Sankhya: The Indian Journal of Statistics

1997, Volume 59, Series B, Pt. 1, 44-65

ON CONDITIONAL INFERENCE FROM SAMPLE SURVEY DATA ABOUT AN EXISTING UNIVERSE

By

J. C. KOOP, *3201 Clark Avenue, Rayleigh*

SUMMARY. This paper is both a continuation and a generalization of the author's previous paper on the fundamental principles of ancillarity and conditionality as applied to the data of independent interpenetrating samples. The application of these two principles to boot-strap, the subsampling from a simple random sample, stratified sampling (both single stage and multi stage), is now considered.

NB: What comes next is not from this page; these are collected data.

(* Let $\psi,\phi\in\mathbf{\Psi}_n$, and $\bar\phi(t):=\phi(t_1,\ldots,t_{n-1},0)$ for $t:=(t_1,\ldots,t_{n-1})\in\Omega_{n-1}$. Then there exists a $\kappa>0$ such that $$\max\{|\!|\!|(x_1,\ldots,x_{n-1})|\!|\!|_{\bar\phi},\ |\!|\!|(x_n,\ldots,x_{n})|\!|\!|_{\bar\phi},\ \|x_n\|\}\le \kappa\cdot|\!|\!|x|\!|\!|_\psi$$ for all $x:=(x_1,\ldots,x_n)\in X^n$.
   Context: Let $(X,\|\cdot\|)$ be a normed vector space, $n\ge2$. $\Omega_k:=\{t\in\mathbb{R}^k\mid t_i\ge0,\ \sum_i t_i=1\}$, $\Omega_k^\circ:=\{t\in\Omega_k\mid t_i<1\ \forall i\}$. $\mathbf{\Psi}_k$ is the class of convex continuous $\psi:\Omega_k\to\mathbb{R}$ with (B1) $\psi(\mathbf{e}_i)=1$ for all standard unit vectors $\mathbf{e}_i$ and (B2) $\psi(t)\ge(1-t_i)\psi\big(\frac{t_1}{1-t_i},\ldots,\frac{t_{i-1}}{1-t_i},0,\frac{t_{i+1}}{1-t_i},\ldots,\frac{t_k}{1-t_i}\big)$ for all $t\in\Omega_k^\circ$, $i=1,\ldots,k$. For $\psi\in\mathbf{\Psi}_k$, $|\!|\!|x|\!|\!|_\psi:=\big(\sum_{i}\|x_i\|\big)\,\psi\big(\frac{\|x_1\|}{\sum_{i}\|x_i\|},\ldots,\frac{\|x_k\|}{\sum_{i}\|x_i\|}\big)$ for $0\ne x\in X^k$, $|\!|\!|0|\!|\!|_\psi:=0$. One has $\bar\phi\in\mathbf{\Psi}_{n-1}$; in $|\!|\!|(x_n,\ldots,x_n)|\!|\!|_{\bar\phi}$ the vector $x_n$ is repeated $n-1$ times. *)

theory Defs
  imports "HOL-Analysis.Analysis"
begin

(* Points of R^k are represented as functions nat => real, with coordinates
   indexed 0..k-1 (paper's t_1..t_k), and required to vanish at indices >= k. *)

definition Omega :: "nat \<Rightarrow> (nat \<Rightarrow> real) set" where
  "Omega k = {t. (\<forall>i<k. 0 \<le> t i) \<and> (\<Sum>i<k. t i) = 1 \<and> (\<forall>i\<ge>k. t i = 0)}"

definition Omega_int :: "nat \<Rightarrow> (nat \<Rightarrow> real) set" where
  "Omega_int k = {t \<in> Omega k. \<forall>i<k. t i < 1}"

definition unitv :: "nat \<Rightarrow> nat \<Rightarrow> real" where
  "unitv i = (\<lambda>j. if j = i then 1 else 0)"

(* convexity on the Omega, written out (functions nat => real carry no vector-space instance) *)
definition convex_on_Omega :: "nat \<Rightarrow> ((nat \<Rightarrow> real) \<Rightarrow> real) \<Rightarrow> bool" where
  "convex_on_Omega k \<psi> \<longleftrightarrow>
     (\<forall>s\<in>Omega k. \<forall>t\<in>Omega k. \<forall>a::real. 0 \<le> a \<and> a \<le> 1 \<longrightarrow>
        \<psi> (\<lambda>i. a * s i + (1 - a) * t i) \<le> a * \<psi> s + (1 - a) * \<psi> t)"

definition Psi :: "nat \<Rightarrow> ((nat \<Rightarrow> real) \<Rightarrow> real) set" where
  "Psi k = {\<psi>. convex_on_Omega k \<psi> \<and> continuous_on (Omega k) \<psi>
      \<and> (\<forall>i<k. \<psi> (unitv i) = 1)
      \<and> (\<forall>t\<in>Omega_int k. \<forall>i<k.
            \<psi> t \<ge> (1 - t i) * \<psi> (\<lambda>j. if j = i then 0 else t j / (1 - t i)))}"
definition spa_instance ::
  "'s set \<Rightarrow> 'p set \<Rightarrow> 'l set \<Rightarrow> ('s \<Rightarrow> 'p set) \<Rightarrow> ('s \<Rightarrow> ('p \<times> 'p) set)
   \<Rightarrow> ('p \<Rightarrow> 'l) \<Rightarrow> ('l \<Rightarrow> ('s \<times> 's) set) \<Rightarrow> ('p \<Rightarrow> nat) \<Rightarrow> ('l \<Rightarrow> nat) \<Rightarrow> bool" where
  "spa_instance S P L A SP lec LP cp dl \<longleftrightarrow>
     finite S \<and> finite P \<and> finite L \<and>
     (\<forall>s \<in> S. A s \<subseteq> P \<and> SP s \<subseteq> A s \<times> A s \<and> strict_linear_order_on (A s) (SP s)) \<and>
     (\<forall>p \<in> P. lec p \<in> L) \<and>
     (\<forall>l \<in> L. offers P lec l \<noteq> {}) \<and>
     (\<forall>l \<in> L. LP l \<subseteq> lec_list S A lec l \<times> lec_list S A lec l \<and>
              strict_linear_order_on (lec_list S A lec l) (LP l)) \<and>
     (\<forall>p \<in> P. cp p > 0) \<and>
     (\<forall>l \<in> L. dl l > 0 \<and> Max (cp ` offers P lec l) \<le> dl l \<and>
              dl l \<le> (\<Sum>p \<in> offers P lec l. cp p))"

definition acceptable_pair :: "'s set \<Rightarrow> ('s \<Rightarrow> 'p set) \<Rightarrow> ('p \<Rightarrow> 'l) \<Rightarrow> 's \<Rightarrow> 'p \<Rightarrow> bool" where
  "acceptable_pair S A lec s p \<longleftrightarrow> s \<in> S \<and> p \<in> A s \<and> s \<in> lec_list S A lec (lec p)"

definition Mproj :: "('s \<times> 'p) set \<Rightarrow> 'p \<Rightarrow> 's set" where
  "Mproj M p = {s. (s, p) \<in> M}"

definition Mlec :: "('s \<times> 'p) set \<Rightarrow> ('p \<Rightarrow> 'l) \<Rightarrow> 'l \<Rightarrow> 's set" where
  "Mlec M lec l = {s. \<exists>p. (s, p) \<in> M \<and> lec p = l}"

definition assigned :: "('s \<times> 'p) set \<Rightarrow> 's \<Rightarrow> bool" where
  "assigned M s \<longleftrightarrow> (\<exists>p. (s, p) \<in> M)"

definition is_matching ::
  "'s set \<Rightarrow> ('s \<Rightarrow> 'p set) \<Rightarrow> ('p \<Rightarrow> 'l) \<Rightarrow> ('p \<Rightarrow> nat) \<Rightarrow> ('l \<Rightarrow> nat)
   \<Rightarrow> ('s \<times> 'p) set \<Rightarrow> bool" where
  "is_matching S A lec cp dl M \<longleftrightarrow>
     (\<forall>(s, p) \<in> M. acceptable_pair S A lec s p) \<and>
     (\<forall>s p q. (s, p) \<in> M \<longrightarrow> (s, q) \<in> M \<longrightarrow> p = q) \<and>
     (\<forall>p. card (Mproj M p) \<le> cp p) \<and>
     (\<forall>l. card (Mlec M lec l) \<le> dl l)"
(* At a white vertex the four neighbouring planes are, by genericity, independent three at a
   time, so they form a circuit exactly when the four covectors are linearly dependent, which in
   dimension four means that they have a common point; dually, four points at a black vertex form
   a circuit exactly when they are coplanar.

   For a face with white corners p, q and black corners a, b the multi-ratio equals 1 iff
   <G a, f p> <G b, f q> = <G a, f q> <G b, f p>, i.e. iff the plane <G b, f p> G a - <G a, f p> G b
   of the pencil through the line L = G a meet G b, which contains f p, also contains f q. Both g p and
   g q lie on all four planes around p resp. q, hence on L, and genericity makes them distinct, so
   they span L. Hence the face is coherent iff f p, g p, f q, g q are coplanar, which is the
   F-transform condition along the diagonal pq of the face. *)

lemma left_kernel_nontrivial_iff_kernel_nontrivial:
  fixes A :: "'a::field^'n^'n"
  shows "(\<exists>y. y \<noteq> 0 \<and> y v* A = 0) \<longleftrightarrow> (\<exists>x. x \<noteq> 0 \<and> A *v x = 0)"
proof -
  have "(\<forall>y. y v* A = 0 \<longrightarrow> y = 0) \<longleftrightarrow> (\<exists>B. B ** transpose A = mat 1)"
    by (simp add: matrix_left_invertible_ker)
  also have "\<dots> \<longleftrightarrow> (\<exists>B. B ** A = mat 1)"
    by (simp add: left_invertible_transpose matrix_left_right_inverse)
  also have "\<dots> \<longleftrightarrow> (\<forall>x. A *v x = 0 \<longrightarrow> x = 0)"
    by (rule matrix_left_invertible_ker)
  finally show ?thesis by blast
qed
lemma relfun_precomp:
  assumes Z: "relfun T M Z"
    and refl: "\<And>p. p \<in> pcar R \<Longrightarrow> ple R p p"
    and trans: "\<And>p q s. p \<in> pcar R \<Longrightarrow> q \<in> pcar R \<Longrightarrow> s \<in> pcar R \<Longrightarrow>
                  ple R p q \<Longrightarrow> ple R q s \<Longrightarrow> ple R p s"
    and wele: "\<And>p q. p \<in> pcar R \<Longrightarrow> q \<in> pcar R \<Longrightarrow> pwe R p q \<Longrightarrow> ple R p q"
    and car: "\<And>p. p \<in> pcar R \<Longrightarrow> \<phi> p \<in> pcar T"
    and mono: "\<And>p q. p \<in> pcar R \<Longrightarrow> q \<in> pcar R \<Longrightarrow> ple R p q \<Longrightarrow> ple T (\<phi> p) (\<phi> q)"
    and we: "\<And>p q. p \<in> pcar R \<Longrightarrow> q \<in> pcar R \<Longrightarrow> pwe R p q \<Longrightarrow> pwe T (\<phi> p) (\<phi> q)"
  shows "relfun R M (\<lambda>p q. if p \<in> pcar R \<and> q \<in> pcar R \<and> ple R p q then Z (\<phi> p) (\<phi> q) else undefined)"
proof -
  let ?H = "\<lambda>p q. if p \<in> pcar R \<and> q \<in> pcar R \<and> ple R p q then Z (\<phi> p) (\<phi> q) else undefined"
  have "?H p q \<in> Ar M \<and> Dom M (?H p q) = Dom M (?H p p) \<and> Cod M (?H p q) = Dom M (?H q q)"
    if "p \<in> pcar R" "q \<in> pcar R" "ple R p q" for p q
    using relfunD(1)[OF Z car[OF that(1)] car[OF that(2)] mono[OF that]] that refl by simp
  moreover have "?H p p = Idm M (Dom M (?H p p))" if "p \<in> pcar R" for p
    using relfunD(2)[OF Z car[OF that]] that refl by simp
  moreover have "Comp M (?H q s) (?H p q) = ?H p s"
    if "p \<in> pcar R" "q \<in> pcar R" "s \<in> pcar R" "ple R p q" "ple R q s" for p q s
    using relfunD(3)[OF Z car[OF that(1)] car[OF that(2)] car[OF that(3)]
        mono[OF that(1,2,4)] mono[OF that(2,3,5)]] that trans[OF that] by simp
  moreover have "?H p q \<in> We M" if "p \<in> pcar R" "q \<in> pcar R" "pwe R p q" for p q
    using relfunD(4)[OF Z car[OF that(1)] car[OF that(2)] we[OF that]] that wele[OF that] by simp
  moreover have "?H p q = undefined" if "\<not> (p \<in> pcar R \<and> q \<in> pcar R \<and> ple R p q)" for p q
    using that by (simp only: if_False)
  ultimately show ?thesis unfolding relfun_def by blast
qed
(* Let $(\mathfrak{g},\langle\cdot,\cdot\rangle)$ be a pseudo-Euclidean unimodular Lie algebra admitting a derivation with nonzero trace. Then $(\mathfrak{g},\langle\cdot,\cdot\rangle)$ is Einstein if and only if it is Ricci-flat.
   Context: A pseudo-Euclidean Lie algebra is a finite-dimensional real Lie algebra $\mathfrak{g}$ with a nondegenerate symmetric bilinear form $\langle\cdot,\cdot\rangle$ (equivalently, a left-invariant pseudo-Riemannian metric on a corresponding Lie group). Unimodular means $\mathrm{tr}(\mathrm{ad}_u)=0$ for all $u\in\mathfrak{g}$. The Levi-Civita product $\mathrm{L}$ is defined by $2\langle \mathrm{L}_uv,w\rangle=\langle[u,v],w\rangle+\langle[w,u],v\rangle+\langle[w,v],u\rangle$; the curvature is $K(u,v)=\mathrm{L}_{[u,v]}-[\mathrm{L}_u,\mathrm{L}_v]$; the Ricci curvature is $\mathrm{ric}(u,v)=\mathrm{tr}(w\mapsto K(u,w)v)$ and the Ricci operator $\mathrm{Ric}$ is defined by $\langle\mathrm{Ric}(u),v\rangle=\mathrm{ric}(u,v)$. The algebra is Einstein if $\mathrm{Ric}=\lambda\,\mathrm{Id}_{\mathfrak{g}}$ for some $\lambda\in\mathbb{R}$, and Ricci-flat if $\mathrm{Ric}=0$. *)

theory Defs
  imports "HOL-Analysis.Analysis"
begin

text \<open>A finite-dimensional real Lie algebra is modelled as a Lie bracket on a
type of class euclidean_space (any finite-dimensional real vector space).\<close>

definition lie_algebra :: "('a::euclidean_space \<Rightarrow> 'a \<Rightarrow> 'a) \<Rightarrow> bool" where
  "lie_algebra br \<longleftrightarrow> bilinear br \<and> (\<forall>x. br x x = 0) \<and>
     (\<forall>x y z. br x (br y z) + br y (br z x) + br z (br x y) = 0)"

definition pseudo_metric :: "('a::euclidean_space \<Rightarrow> 'a \<Rightarrow> real) \<Rightarrow> bool" where
  "pseudo_metric B \<longleftrightarrow> bilinear B \<and> (\<forall>x y. B x y = B y x) \<and>
     (\<forall>x. (\<forall>y. B x y = 0) \<longrightarrow> x = 0)"

definition ltrace :: "('a::euclidean_space \<Rightarrow> 'a) \<Rightarrow> real" where
  "ltrace f = (\<Sum>b\<in>Basis. inner (f b) b)"

definition unimodular :: "('a::euclidean_space \<Rightarrow> 'a \<Rightarrow> 'a) \<Rightarrow> bool" where
  "unimodular br \<longleftrightarrow> (\<forall>u. ltrace (br u) = 0)"

definition lie_derivation :: "('a::euclidean_space \<Rightarrow> 'a \<Rightarrow> 'a) \<Rightarrow> ('a \<Rightarrow> 'a) \<Rightarrow> bool" where
  "lie_derivation br D \<longleftrightarrow> linear D \<and> (\<forall>x y. D (br x y) = br (D x) y + br x (D y))"

definition levi_civita :: "('a::euclidean_space \<Rightarrow> 'a \<Rightarrow> 'a) \<Rightarrow> ('a \<Rightarrow> 'a \<Rightarrow> real) \<Rightarrow> 'a \<Rightarrow> 'a \<Rightarrow> 'a" where
  "levi_civita br B u v = (THE x. \<forall>w. 2 * B x w = B (br u v) w + B (br w u) v + B (br w v) u)"

definition curvature :: "('a::euclidean_space \<Rightarrow> 'a \<Rightarrow> 'a) \<Rightarrow> ('a \<Rightarrow> 'a \<Rightarrow> real) \<Rightarrow> 'a \<Rightarrow> 'a \<Rightarrow> 'a \<Rightarrow> 'a" where
  "curvature br B u v w = levi_civita br B (br u v) w
     - (levi_civita br B u (levi_civita br B v w) - levi_civita br B v (levi_civita br B u w))"

definition ricci :: "('a::euclidean_space \<Rightarrow> 'a \<Rightarrow> 'a) \<Rightarrow> ('a \<Rightarrow> 'a \<Rightarrow> real) \<Rightarrow> 'a \<Rightarrow> 'a \<Rightarrow> real" where
  "ricci br B u v = ltrace (\<lambda>w. curvature br B u w v)"

definition ricci_op :: "('a::euclidean_space \<Rightarrow> 'a \<Rightarrow> 'a) \<Rightarrow> ('a \<Rightarrow> 'a \<Rightarrow> real) \<Rightarrow> 'a \<Rightarrow> 'a" where
  "ricci_op br B u = (THE x. \<forall>v. B x v = ricci br B u v)"

definition einstein :: "('a::euclidean_space \<Rightarrow> 'a \<Rightarrow> 'a) \<Rightarrow> ('a \<Rightarrow> 'a \<Rightarrow> real) \<Rightarrow> bool" where
  "einstein br B \<longleftrightarrow> (\<exists>c::real. ricci_op br B = (\<lambda>u. c *\<^sub>R u))"

definition ricci_flat :: "('a::euclidean_space \<Rightarrow> 'a \<Rightarrow> 'a) \<Rightarrow> ('a \<Rightarrow> 'a \<Rightarrow> real) \<Rightarrow> bool" where
  "ricci_flat br B \<longleftrightarrow> ricci_op br B = (\<lambda>u. 0)"

end

theory Submission
  imports Defs
begin

(* For a derivation D of a unimodular metric Lie algebra, tr(Ric o D) = 0. In the unimodular case
     ric(u,v) = -1/2 tr(ad_u ad_v) - 1/2 tr(ad_v^* ad_u) - 1/4 tr(J_u J_v),
   where <J_u x, y> = <u, [x,y]>; contracting with D, the Killing-form part vanishes because D
   is a derivation, while the Leibniz rule turns the J-part into -2 times the adjoint part, so the
   two cancel. If Ric = c Id then 0 = tr(Ric o D) = c tr D, hence c = 0 as soon as tr D <> 0. *)

lemma ltrace_add: "ltrace (\<lambda>w. f w + g w) = ltrace f + ltrace g"
  by (simp add: ltrace_def inner_add_left sum.distrib)

lemma ltrace_diff: "ltrace (\<lambda>w. f w - g w) = ltrace f - ltrace g"
  by (simp add: ltrace_def inner_diff_left sum_subtractf)

lemma ltrace_scale: "ltrace (\<lambda>w. c *\<^sub>R f w) = c * ltrace f"
  by (simp add: ltrace_def sum_distrib_left)

lemma ltrace_neg: "ltrace (\<lambda>w. - f w) = - ltrace f"
  by (simp add: ltrace_def sum_negf)

lemma ltrace_comp_commute:
  fixes X Y :: "'a::euclidean_space \<Rightarrow> 'a"
  assumes "linear X" "linear Y"
  shows "ltrace (\<lambda>w. X (Y w)) = ltrace (\<lambda>w. Y (X w))"
proof -
  have entries: "ltrace (\<lambda>w. F (G w)) = (\<Sum>b\<in>Basis. \<Sum>c\<in>Basis. inner (G b) c * inner (F c) b)"
    if "linear F" for F G :: "'a \<Rightarrow> 'a"
    unfolding ltrace_def
  proof (rule sum.cong[OF refl])
    fix b :: 'a
    have "F (G b) = F (\<Sum>c\<in>Basis. inner (G b) c *\<^sub>R c)" by (simp add: euclidean_representation)
    also have "\<dots> = (\<Sum>c\<in>Basis. inner (G b) c *\<^sub>R F c)"
      by (simp add: linear_sum[OF that] linear_scale[OF that])
    finally show "inner (F (G b)) b = (\<Sum>c\<in>Basis. inner (G b) c * inner (F c) b)"
      by (simp add: inner_sum_left)
  qed
  show ?thesis
    unfolding entries[OF assms(1)] entries[OF assms(2)]
    by (subst sum.swap) (simp add: mult.commute)
qed

locale nondegenerate_form =
  fixes B :: "'a::euclidean_space \<Rightarrow> 'a \<Rightarrow> real"
  assumes bilinear_B: "bilinear B"
    and B_sym: "B x y = B y x"
    and B_nondegenerate: "(\<forall>y. B x y = 0) \<Longrightarrow> x = 0"
begin

lemma linear_B_left: "linear (\<lambda>x. B x y)"
  using bilinear_B by (simp add: bilinear_def)

lemma linear_B_right: "linear (B x)"
  using bilinear_B by (simp add: bilinear_def)

lemma B_scaleR: "B (c *\<^sub>R x) y = c * B x y" "B x (c *\<^sub>R y) = c * B x y"
  using bilinear_lmul[OF bilinear_B] bilinear_rmul[OF bilinear_B] by auto

lemmas B_simps = bilinear_ladd[OF bilinear_B] bilinear_radd[OF bilinear_B] B_scaleR
  bilinear_lneg[OF bilinear_B] bilinear_rneg[OF bilinear_B]
  bilinear_lsub[OF bilinear_B] bilinear_rsub[OF bilinear_B]
  bilinear_lzero[OF bilinear_B] bilinear_rzero[OF bilinear_B]
  linear_sum[OF linear_B_right] linear_sum[OF linear_B_left]

lemma B_eqI: "(\<And>z. B p z = B q z) \<Longrightarrow> p = q"
  using B_nondegenerate[of "p - q"] by (simp add: B_simps)

text \<open>For b in Basis, raise b is the B-dual basis vector: B x (raise b) is the b-coordinate of x.\<close>

definition lower :: "'a \<Rightarrow> 'a" where
  "lower x = (\<Sum>b\<in>Basis. B x b *\<^sub>R b)"

lemma inner_lower: "inner (lower x) y = B x y"
proof -
  have "B x y = B x (\<Sum>b\<in>Basis. inner y b *\<^sub>R b)" by (simp add: euclidean_representation)
  also have "\<dots> = inner (lower x) y"
    unfolding lower_def inner_sum_left by (simp add: B_simps inner_commute mult.commute)
  finally show ?thesis by simp
qed

lemma linear_lower: "linear lower"
  by (rule linearI) (simp_all add: lower_def B_simps scaleR_add_left sum.distrib scaleR_sum_right)

lemma inj_lower: "inj lower"
  by (rule injI, rule B_eqI) (metis inner_lower)

definition raise :: "'a \<Rightarrow> 'a" where
  "raise = (SOME g. linear g \<and> (\<forall>x. g (lower x) = x) \<and> (\<forall>x. lower (g x) = x))"

lemma raise_props: "linear raise \<and> (\<forall>x. raise (lower x) = x) \<and> (\<forall>x. lower (raise x) = x)"
proof -
  have "\<exists>g. linear g \<and> (\<forall>x. g (lower x) = x) \<and> (\<forall>x. lower (g x) = x)"
    using linear_injective_isomorphism[OF linear_lower inj_lower] by blast
  then show ?thesis unfolding raise_def by (rule someI_ex)
qed

lemma linear_raise: "linear raise"
  and raise_lower: "raise (lower x) = x"
  and lower_raise: "lower (raise x) = x"
  using raise_props by blast+

lemma B_raise_left: "B (raise z) y = inner z y"
  by (metis lower_raise inner_lower)

lemma B_raise_right: "B x (raise z) = inner z x"
  by (metis B_sym B_raise_left)

lemma dual_basis_expansion: "(\<Sum>b\<in>Basis. B x (raise b) *\<^sub>R b) = x"
  by (simp add: B_raise_right inner_commute[of _ x] euclidean_representation)

lemma ltrace_eq_sum_B: "ltrace X = (\<Sum>b\<in>Basis. B (X b) (raise b))"
  by (simp add: ltrace_def B_raise_right inner_commute)

lemma sum_B_raise_apply:
  assumes "linear D"
  shows "(\<Sum>b\<in>Basis. B (raise b) x * B (D b) y) = B (D x) y"
proof -
  have "D x = (\<Sum>b\<in>Basis. B x (raise b) *\<^sub>R D b)"
    by (subst dual_basis_expansion[of x, symmetric])
       (simp add: linear_sum[OF assms] linear_scale[OF assms])
  then show ?thesis by (simp add: B_simps B_sym[of x])
qed

lemma sum_bilinear_raise_swap:
  fixes \<beta> :: "'a \<Rightarrow> 'a \<Rightarrow> real"
  assumes "bilinear \<beta>"
  shows "(\<Sum>b\<in>Basis. \<beta> b (raise b)) = (\<Sum>b\<in>Basis. \<beta> (raise b) b)"
proof -
  have lin_right: "linear (\<beta> x)" and lin_left: "linear (\<lambda>x. \<beta> x y)" for x y
    using assms by (simp_all add: bilinear_def)
  have expand_raise: "raise b = (\<Sum>k\<in>Basis. B (raise b) (raise k) *\<^sub>R k)" for b
    by (rule dual_basis_expansion[symmetric])
  have "(\<Sum>b\<in>Basis. \<beta> (raise b) b) = (\<Sum>b\<in>Basis. \<Sum>k\<in>Basis. B (raise b) (raise k) * \<beta> k b)"
    by (subst expand_raise) (simp add: linear_sum[OF lin_left] linear_scale[OF lin_left])
  also have "\<dots> = (\<Sum>k\<in>Basis. \<Sum>b\<in>Basis. B (raise k) (raise b) * \<beta> k b)"
    by (subst sum.swap) (simp add: B_sym)
  also have "\<dots> = (\<Sum>b\<in>Basis. \<beta> b (raise b))"
    by (subst (2) expand_raise) (simp add: linear_sum[OF lin_right] linear_scale[OF lin_right])
  finally show ?thesis by simp
qed

definition representer :: "('a \<Rightarrow> real) \<Rightarrow> 'a" where
  "representer \<phi> = raise (\<Sum>b\<in>Basis. \<phi> b *\<^sub>R b)"

lemma B_representer:
  assumes "linear \<phi>"
  shows "B (representer \<phi>) y = \<phi> y"
proof -
  have "\<phi> y = (\<Sum>b\<in>Basis. \<phi> b * inner b y)"
    by (subst euclidean_representation[of y, symmetric])
       (simp add: linear_sum[OF assms] linear_scale[OF assms] inner_commute mult.commute)
  then show ?thesis by (simp add: representer_def B_raise_left inner_sum_left)
qed

definition adjoint :: "('a \<Rightarrow> 'a) \<Rightarrow> 'a \<Rightarrow> 'a" where
  "adjoint A x = representer (\<lambda>y. B x (A y))"

lemma B_adjoint_left:
  assumes "linear A"
  shows "B (adjoint A x) y = B x (A y)"
  unfolding adjoint_def
  by (rule B_representer) (rule linear_compose[OF assms linear_B_right, unfolded o_def])

lemma B_adjoint_right:
  assumes "linear A"
  shows "B y (adjoint A x) = B (A y) x"
  using B_adjoint_left[OF assms] B_sym by metis

lemma linear_adjoint:
  assumes "linear A"
  shows "linear (adjoint A)"
  by (rule linearI; rule B_eqI) (simp_all add: B_adjoint_left[OF assms] B_simps)

lemma adjoint_comp:
  assumes "linear X" "linear Y"
  shows "adjoint (\<lambda>w. Y (X w)) a = adjoint X (adjoint Y a)"
proof -
  have "linear (\<lambda>w. Y (X w))" using linear_compose[OF assms] by (simp add: o_def)
  then show ?thesis by (intro B_eqI) (simp add: B_adjoint_left assms)
qed

lemma adjoint_adjoint:
  assumes "linear X"
  shows "adjoint (adjoint X) a = X a"
  by (rule B_eqI) (simp add: B_adjoint_left B_adjoint_right assms linear_adjoint)

text \<open>adjoint X is conjugate, via lower, to the Euclidean transpose of X.\<close>

lemma ltrace_adjoint:
  assumes "linear X"
  shows "ltrace (adjoint X) = ltrace X"
proof -
  have lin: "linear (\<lambda>w. X (raise w))"
    using linear_compose[OF linear_raise assms] by (simp add: o_def)
  have "ltrace (adjoint X) = (\<Sum>b\<in>Basis. inner (lower (X (raise b))) b)"
    unfolding ltrace_eq_sum_B
    by (rule sum.cong[OF refl]) (metis B_adjoint_left[OF assms] inner_lower B_sym)
  also have "\<dots> = ltrace (\<lambda>w. lower (X (raise w)))" by (simp add: ltrace_def)
  also have "\<dots> = ltrace (\<lambda>w. X (raise (lower w)))"
    by (rule ltrace_comp_commute[OF linear_lower lin])
  finally show ?thesis by (simp add: raise_lower)
qed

By way of example, only the conditional probability distribution and the corresponding conditional probability limits, which are the analogues of the classical conditional limits, are derived for the bootstrap method. The steps leading to conditional probability limits are similar for other methods. The general theory for conditional inference with more than two interpenetrating samples is given in Sec 6; all these theories are considered in the context of Fisher's levels of uncertainty of Rank A, Rank B and Rank C. With respect to Rank A, Rank B is a higher level of uncertainty. And with respect to Rank B, Rank C is yet another higher level of uncertainty. An uncertainty of Rank C takes into account all nonsampling errors. The probabilistic nature of these levels of uncertainty is explained in Sec2. The ancillary statistics produced are not always unique. An example for the general theory is given in Subsection 6.5, with data from the National Sample Survey of India on agricultural labour for rural areas during the period August 1956 to August 1957. An ancillary statistics in the entire body of sampling theory from a finite universe have their source in the fundamental principles of randomization, replication and control, they are classified in Sec.7.

*AMS (1980) subject classification.* 62D05

*Key words and phrases*. Assumption free methods, estimand, strata, sampling procedure, interpenetrating samples, conditional probability uncertainty of Rank C.